Oil prices climbed on Tuesday after five days of declines as the United States and China prepared to sign a preliminary trade deal and as Middle East tensions eased.
U.S. West Texas Intermediate (WTI) crude was up 39 cents, or 0.7%, at $58.47.
Brent futures were up 66 cents, or 1%, at $64.86 a barrel by 12:45 p.m. EST (1745 GMT)
That put WTI front-month futures on track to close below the second month CLc1-CLc2 for the first time since Nov. 19, which is known in the trading industry as contango.
In addition, oil also found technical support after WTI fell to a more than five-week low of $57.72 before bouncing off the 200-day moving average.
The outlook for oil demand was supported by the expected signing of a Phase 1 U.S.-China trade agreement on Wednesday, marking a major step in ending a dispute that has cut global growth and dented demand for oil.
“Oil prices are tentatively rebounding after seller exhaustion kicked (in) as investors await the next developments on the trade front and whether we see a strong pickup with global demand following the phase-one trade deal,” Edward Moya, senior market analyst at OANDA in New York, said in a report.
China has pledged to buy more than $50 billion in energy supplies from the United States over the next two years, according to a source briefed on the trade deal.
Despite the trade dispute, China’s crude oil imports in 2019 surged 9.5% from the previous year, setting a record for a 17th straight year as demand growth from new refineries propelled purchases by the world’s top importer, data showed.
However, gains were limited as concerns about possible supply disruptions eased due to a decline in tensions in the Middle East.
The recent declines came as investors unwound bullish positions built after the recent killing of a senior Iranian general in a U.S. air strike which sent oil prices to a four-month high earlier this month, said Harry Tchilinguirian, global oil strategist at BNP Paribas in London.

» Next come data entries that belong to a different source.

text \<open>Partial sums s_i = b_1 + ... + b_i (s_0 = 0), with b_{j+1} = card (\<rho> ! j).\<close>
definition part_sum :: "nat set list \<Rightarrow> nat \<Rightarrow> nat" where
  "part_sum \<rho> i = (\<Sum>j<i. card (\<rho> ! j))"

end

theory Submission
  imports Defs
begin

text \<open>Expand t_n = sum_k a_k p_k in the basic sequence, so that t_n(0) = a_0. Since
  d^i p_k = k!/(k-i)! p_(k-i), the conditions (d^i t_n)(z_i) = n! [i = n] say that the normalised
  coefficients u_k = a_k / (n choose k) satisfy u_n = 1 and the triangular recurrence
  sum_b ((n-i) choose b) p_b(z_i) u_(i+b) = 0 for i < n. The signed sum over ordered partitions
  of an (n-i)-set satisfies the same recurrence: split off the first block, whose size b can be
  chosen in ((n-i) choose b) ways.\<close>

definition ordered_set_partitions :: "'b set \<Rightarrow> 'b set list set" where
  "ordered_set_partitions S = {\<rho>. (\<forall>B\<in>set \<rho>. B \<noteq> {}) \<and>
      (\<forall>i<length \<rho>. \<forall>j<length \<rho>. i \<noteq> j \<longrightarrow> \<rho> ! i \<inter> \<rho> ! j = {}) \<and>
      \<Union> (set \<rho>) = S}"

lemma ordered_partitions_eq: "ordered_partitions n = ordered_set_partitions {1..n}"
  by (simp add: ordered_partitions_def ordered_set_partitions_def)

lemma ordered_set_partitions_empty: "ordered_set_partitions {} = {[]}"
  by (auto simp: ordered_set_partitions_def)

lemma pairwise_disjoint_nth_Cons:
  "(\<forall>i<length (B # \<rho>). \<forall>j<length (B # \<rho>). i \<noteq> j \<longrightarrow> (B # \<rho>) ! i \<inter> (B # \<rho>) ! j = {}) \<longleftrightarrow>
   (\<forall>C\<in>set \<rho>. B \<inter> C = {}) \<and> (\<forall>i<length \<rho>. \<forall>j<length \<rho>. i \<noteq> j \<longrightarrow> \<rho> ! i \<inter> \<rho> ! j = {})"
  (is "?L \<longleftrightarrow> ?R")
proof
  assume L: ?L
  have "B \<inter> \<rho> ! j = {}" if "j < length \<rho>" for j
    using L[rule_format, of 0 "Suc j"] that by simp
  moreover have "\<rho> ! i \<inter> \<rho> ! j = {}" if "i < length \<rho>" "j < length \<rho>" "i \<noteq> j" for i j
    using L[rule_format, of "Suc i" "Suc j"] that by simp
  ultimately show ?R by (force simp: in_set_conv_nth)
next
  assume R: ?R
  show ?L
  proof (intro allI impI)
    fix i j assume "i < length (B # \<rho>)" "j < length (B # \<rho>)" "i \<noteq> j"
    then show "(B # \<rho>) ! i \<inter> (B # \<rho>) ! j = {}"
      using R by (cases i; cases j) (auto simp: Int_commute)
  qed
qed

lemma Cons_in_ordered_set_partitions_iff:
  "B # \<rho> \<in> ordered_set_partitions S \<longleftrightarrow>
   B \<noteq> {} \<and> B \<subseteq> S \<and> \<rho> \<in> ordered_set_partitions (S - B)"
  unfolding ordered_set_partitions_def mem_Collect_eq pairwise_disjoint_nth_Cons by auto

“As geopolitical tensions take a back seat for now, we may see more of the same in the short term,” Tchilinguirian told the Reuters Global Oil Forum.
Saudi Arabia’s energy minister, Prince Abdulaziz bin Salman, said his country would work for oil market stability amid heightened U.S.-Iranian tensions.
He also said it was too early to talk about whether the Organization of the Petroleum Exporting Countries (OPEC) and its allies, a group known as OPEC+, would continue with production curbs that are due to expire in March.
Separately, U.S. crude oil inventories likely declined by 0.8 million barrels last week, a preliminary Reuters poll showed on Monday.
The poll was conducted ahead of reports from the American Petroleum Institute (API), an industry group, on Tuesday, and the Energy Information Administration on Wednesday.